What you will do →
Word for word, restate the lines of the data from the first through the one containing "theory Defs", and nothing else.

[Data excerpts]
---

(* Let $\mathcal M=\{A,B,C,D\}$ be a minimal realization of a discrete-time passive system and let $X\in\mathbb X^{>}(\mathcal M)$. Then there is a unique maximal real number $\xi^*(X)$ such that the matrix inequality $$\widetilde W(X,\mathcal M)\ \ge\ \xi\,\operatorname{diag}(X,X,2I_m)$$ holds for $\xi=\xi^*(X)$, and $\xi^*(X)<1$. Moreover, writing $X=T^{\mathsf H}T$ with $T$ nonsingular, $\xi^*(X)=\lambda_{\min}\big(D_s\widetilde W(I_n,\mathcal M_T)D_s\big)$.
   Context: A discrete-time model is $\mathcal M=\{A,B,C,D\}$ with $A\in\mathbb C^{n\times n}$, $B\in\mathbb C^{n\times m}$, $C\in\mathbb C^{m\times n}$, $D\in\mathbb C^{m\times m}$ (system $x_{k+1}=Ax_k+Bu_k$, $y_k=Cx_k+Du_k$), with transfer function $\mathcal T(z)=C(zI_n-A)^{-1}B+D$. It is minimal if $\operatorname{rank}[zI_n-A\ \ B]=n$ and $\operatorname{rank}[zI_n-A^{\mathsf H}\ \ C^{\mathsf H}]=n$ for all $z\in\mathbb C$. The system is passive if $\mathcal T(e^{\imath\omega})^{\mathsf H}+\mathcal T(e^{\imath\omega})\ge0$ for all $\omega\in[-\pi,\pi]$ and all eigenvalues of $A$ lie in the closed unit disc with those on the unit circle semisimple. $\mathbb H_n$ is the set of $n\times n$ Hermitian matrices. For $X\in\mathbb H_n$, $$W(X,\mathcal M)=\begin{bmatrix} X-A^{\mathsf H}XA & C^{\mathsf H}-A^{\mathsf H}XB\\ C-B^{\mathsf H}XA & D^{\mathsf H}+D-B^{\mathsf H}XB\end{bmatrix},\qquad \widetilde W(X,\mathcal M)=\begin{bmatrix} X & XA & XB\\ A^{\mathsf H}X & X & C^{\mathsf H}\\ B^{\mathsf H}X & C & D^{\mathsf H}+D\end{bmatrix},$$ and $\mathbb X^{>}(\mathcal M)=\{X\in\mathbb H_n: W(X,\mathcal M)\ge0,\ X>0\}$. $D_s=\operatorname{diag}(I_n,I_n,I_m/\sqrt2)$; for nonsingular $T$, $\mathcal M_T=\{TAT^{-1},TB,CT^{-1},D\}$. *)

theory Defs
  imports Complex_Main "Jordan_Normal_Form.Jordan_Normal_Form" "Jordan_Normal_Form.DL_Rank" "Jordan_Normal_Form.Matrix_Kernel"
    "Jordan_Normal_Form.Gauss_Jordan_Elimination"
begin

definition adj :: "complex mat \<Rightarrow> complex mat" where
  "adj M = mat (dim_col M) (dim_row M) (\<lambda>(i,j). cnj (M $$ (j,i)))"

definition hcat :: "complex mat \<Rightarrow> complex mat \<Rightarrow> complex mat" where
  "hcat P Q = mat (dim_row P) (dim_col P + dim_col Q)
     (\<lambda>(i,j). if j < dim_col P then P $$ (i,j) else Q $$ (i, j - dim_col P))"

definition blk3 :: "complex mat \<Rightarrow> complex mat \<Rightarrow> complex mat \<Rightarrow> complex mat \<Rightarrow> complex mat
   \<Rightarrow> complex mat \<Rightarrow> complex mat \<Rightarrow> complex mat \<Rightarrow> complex mat \<Rightarrow> complex mat" where
  "blk3 M11 M12 M13 M21 M22 M23 M31 M32 M33 =
     four_block_mat (four_block_mat M11 M12 M21 M22) (M13 @\<^sub>r M23) (hcat M31 M32) M33"

definition hermitian :: "complex mat \<Rightarrow> bool" where
  "hermitian M \<longleftrightarrow> M \<in> carrier_mat (dim_row M) (dim_row M) \<and> adj M = M"

definition psd :: "complex mat \<Rightarrow> bool" where
  "psd M \<longleftrightarrow> hermitian M \<and>
     (\<forall>v \<in> carrier_vec (dim_row M). Re (conjugate v \<bullet> (M *\<^sub>v v)) \<ge> 0)"

definition pd :: "complex mat \<Rightarrow> bool" where
  "pd M \<longleftrightarrow> hermitian M \<and>
     (\<forall>v \<in> carrier_vec (dim_row M). v \<noteq> 0\<^sub>v (dim_row M) \<longrightarrow> Re (conjugate v \<bullet> (M *\<^sub>v v)) > 0)"

definition loewner_ge :: "complex mat \<Rightarrow> complex mat \<Rightarrow> bool" where
  "loewner_ge M N \<longleftrightarrow> psd (M - N)"

(* smallest eigenvalue of a Hermitian matrix (its eigenvalues are real) *)
definition lambda_min :: "complex mat \<Rightarrow> real" where
  "lambda_min M = Min {x::real. eigenvalue M (complex_of_real x)}"

definition minv :: "complex mat \<Rightarrow> complex mat" where
  "minv M = the (mat_inverse M)"

definition transfer :: "complex mat \<Rightarrow> complex mat \<Rightarrow> complex mat \<Rightarrow> complex mat \<Rightarrow> complex \<Rightarrow> complex mat" where
  "transfer A B C D z = C * minv (z \<cdot>\<^sub>m 1\<^sub>m (dim_row A) - A) * B + D"

definition semisimple_eig :: "complex mat \<Rightarrow> complex \<Rightarrow> bool" where
  "semisimple_eig A ev \<longleftrightarrow> Polynomial.order ev (char_poly A) = kernel_dim (char_matrix A ev)"

definition minimal_sys :: "complex mat \<Rightarrow> complex mat \<Rightarrow> complex mat \<Rightarrow> complex mat \<Rightarrow> bool" where
  "minimal_sys A B C D \<longleftrightarrow>
     (\<forall>z::complex.
        vec_space.rank (dim_row A) (hcat (z \<cdot>\<^sub>m 1\<^sub>m (dim_row A) - A) B) = dim_row A \<and>
        vec_space.rank (dim_row A) (hcat (z \<cdot>\<^sub>m 1\<^sub>m (dim_row A) - adj A) (adj C)) = dim_row A)"

definition passive_sys :: "complex mat \<Rightarrow> complex mat \<Rightarrow> complex mat \<Rightarrow> complex mat \<Rightarrow> bool" where
  "passive_sys A B C D \<longleftrightarrow>
     (\<forall>\<omega>::real. -pi \<le> \<omega> \<and> \<omega> \<le> pi \<and> \<not> eigenvalue A (cis \<omega>) \<longrightarrow>
        psd (adj (transfer A B C D (cis \<omega>)) + transfer A B C D (cis \<omega>))) \<and>
     (\<forall>ev. eigenvalue A ev \<longrightarrow> cmod ev \<le> 1 \<and> (cmod ev = 1 \<longrightarrow> semisimple_eig A ev))"

definition Wmat :: "complex mat \<Rightarrow> complex mat \<Rightarrow> complex mat \<Rightarrow> complex mat \<Rightarrow> complex mat \<Rightarrow> complex mat" where
  "Wmat X A B C D = four_block_mat
     (X - adj A * X * A) (adj C - adj A * X * B)
     (C - adj B * X * A) (adj D + D - adj B * X * B)"

definition Wtilde :: "complex mat \<Rightarrow> complex mat \<Rightarrow> complex mat \<Rightarrow> complex mat \<Rightarrow> complex mat \<Rightarrow> complex mat" where
  "Wtilde X A B C D = blk3
     X (X * A) (X * B)
     (adj A * X) X (adj C)
     (adj B * X) C (adj D + D)"

definition Xpos :: "complex mat \<Rightarrow> complex mat \<Rightarrow> complex mat \<Rightarrow> complex mat \<Rightarrow> complex mat set" where
  "Xpos A B C D = {X. X \<in> carrier_mat (dim_row A) (dim_row A) \<and> hermitian X \<and>
                      psd (Wmat X A B C D) \<and> pd X}"

definition diagXX2 :: "complex mat \<Rightarrow> nat \<Rightarrow> complex mat" where
  "diagXX2 X m = blk3 X (0\<^sub>m (dim_row X) (dim_row X)) (0\<^sub>m (dim_row X) m)
                      (0\<^sub>m (dim_row X) (dim_row X)) X (0\<^sub>m (dim_row X) m)
                      (0\<^sub>m m (dim_row X)) (0\<^sub>m m (dim_row X)) (2 \<cdot>\<^sub>m 1\<^sub>m m)"

definition Ds :: "nat \<Rightarrow> nat \<Rightarrow> complex mat" where
  "Ds n m = blk3 (1\<^sub>m n) (0\<^sub>m n n) (0\<^sub>m n m)
                 (0\<^sub>m n n) (1\<^sub>m n) (0\<^sub>m n m)
                 (0\<^sub>m m n) (0\<^sub>m m n) (complex_of_real (1 / sqrt 2) \<cdot>\<^sub>m 1\<^sub>m m)"

definition xi_set :: "complex mat \<Rightarrow> complex mat \<Rightarrow> complex mat \<Rightarrow> complex mat \<Rightarrow> complex mat \<Rightarrow> real set" where
  "xi_set X A B C D = {\<xi>. loewner_ge (Wtilde X A B C D) (complex_of_real \<xi> \<cdot>\<^sub>m diagXX2 X (dim_row D))}"

end

(*
  Write X = T\<^sup>H T with T nonsingular (Cholesky). Congruence by R = diag(T, T, \<surd>2 I) gives
  W~(X, M) = R\<^sup>H (D\<^sub>s W~(I, M\<^sub>T) D\<^sub>s) R and diag(X, X, 2 I) = R\<^sup>H R, so
  W~(X, M) \<ge> \<xi> diag(X, X, 2 I) holds exactly when D\<^sub>s W~(I, M\<^sub>T) D\<^sub>s - \<xi> I \<ge> 0, i.e. when \<xi> is at
  most the smallest eigenvalue of this Hermitian matrix. Hence the admissible \<xi> form the ray
  up to \<lambda>\<^sub>m\<^sub>i\<^sub>n, independently of the choice of T.

  If \<xi> = 1 were admissible, W~(X, M) - diag(X, X, 2 I) would be positive semidefinite with zero
  upper left block, which forces the blocks X A and X B to vanish; as X is nonsingular,
  A = 0 and B = 0, and then rank [z I - A, B] = 0 at z = 0 contradicts minimality.
*)

theory Submission
  imports Defs
begin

---

Answer box →
(* Let $\mathcal M=\{A,B,C,D\}$ be a minimal realization of a discrete-time passive system and let $X\in\mathbb X^{>}(\mathcal M)$. Then there is a unique maximal real number $\xi^*(X)$ such that the matrix inequality $$\widetilde W(X,\mathcal M)\ \ge\ \xi\,\operatorname{diag}(X,X,2I_m)$$ holds for $\xi=\xi^*(X)$, and $\xi^*(X)<1$. Moreover, writing $X=T^{\mathsf H}T$ with $T$ nonsingular, $\xi^*(X)=\lambda_{\min}\big(D_s\widetilde W(I_n,\mathcal M_T)D_s\big)$.
   Context: A discrete-time model is $\mathcal M=\{A,B,C,D\}$ with $A\in\mathbb C^{n\times n}$, $B\in\mathbb C^{n\times m}$, $C\in\mathbb C^{m\times n}$, $D\in\mathbb C^{m\times m}$ (system $x_{k+1}=Ax_k+Bu_k$, $y_k=Cx_k+Du_k$), with transfer function $\mathcal T(z)=C(zI_n-A)^{-1}B+D$. It is minimal if $\operatorname{rank}[zI_n-A\ \ B]=n$ and $\operatorname{rank}[zI_n-A^{\mathsf H}\ \ C^{\mathsf H}]=n$ for all $z\in\mathbb C$. The system is passive if $\mathcal T(e^{\imath\omega})^{\mathsf H}+\mathcal T(e^{\imath\omega})\ge0$ for all $\omega\in[-\pi,\pi]$ and all eigenvalues of $A$ lie in the closed unit disc with those on the unit circle semisimple. $\mathbb H_n$ is the set of $n\times n$ Hermitian matrices. For $X\in\mathbb H_n$, $$W(X,\mathcal M)=\begin{bmatrix} X-A^{\mathsf H}XA & C^{\mathsf H}-A^{\mathsf H}XB\\ C-B^{\mathsf H}XA & D^{\mathsf H}+D-B^{\mathsf H}XB\end{bmatrix},\qquad \widetilde W(X,\mathcal M)=\begin{bmatrix} X & XA & XB\\ A^{\mathsf H}X & X & C^{\mathsf H}\\ B^{\mathsf H}X & C & D^{\mathsf H}+D\end{bmatrix},$$ and $\mathbb X^{>}(\mathcal M)=\{X\in\mathbb H_n: W(X,\mathcal M)\ge0,\ X>0\}$. $D_s=\operatorname{diag}(I_n,I_n,I_m/\sqrt2)$; for nonsingular $T$, $\mathcal M_T=\{TAT^{-1},TB,CT^{-1},D\}$. *)

theory Defs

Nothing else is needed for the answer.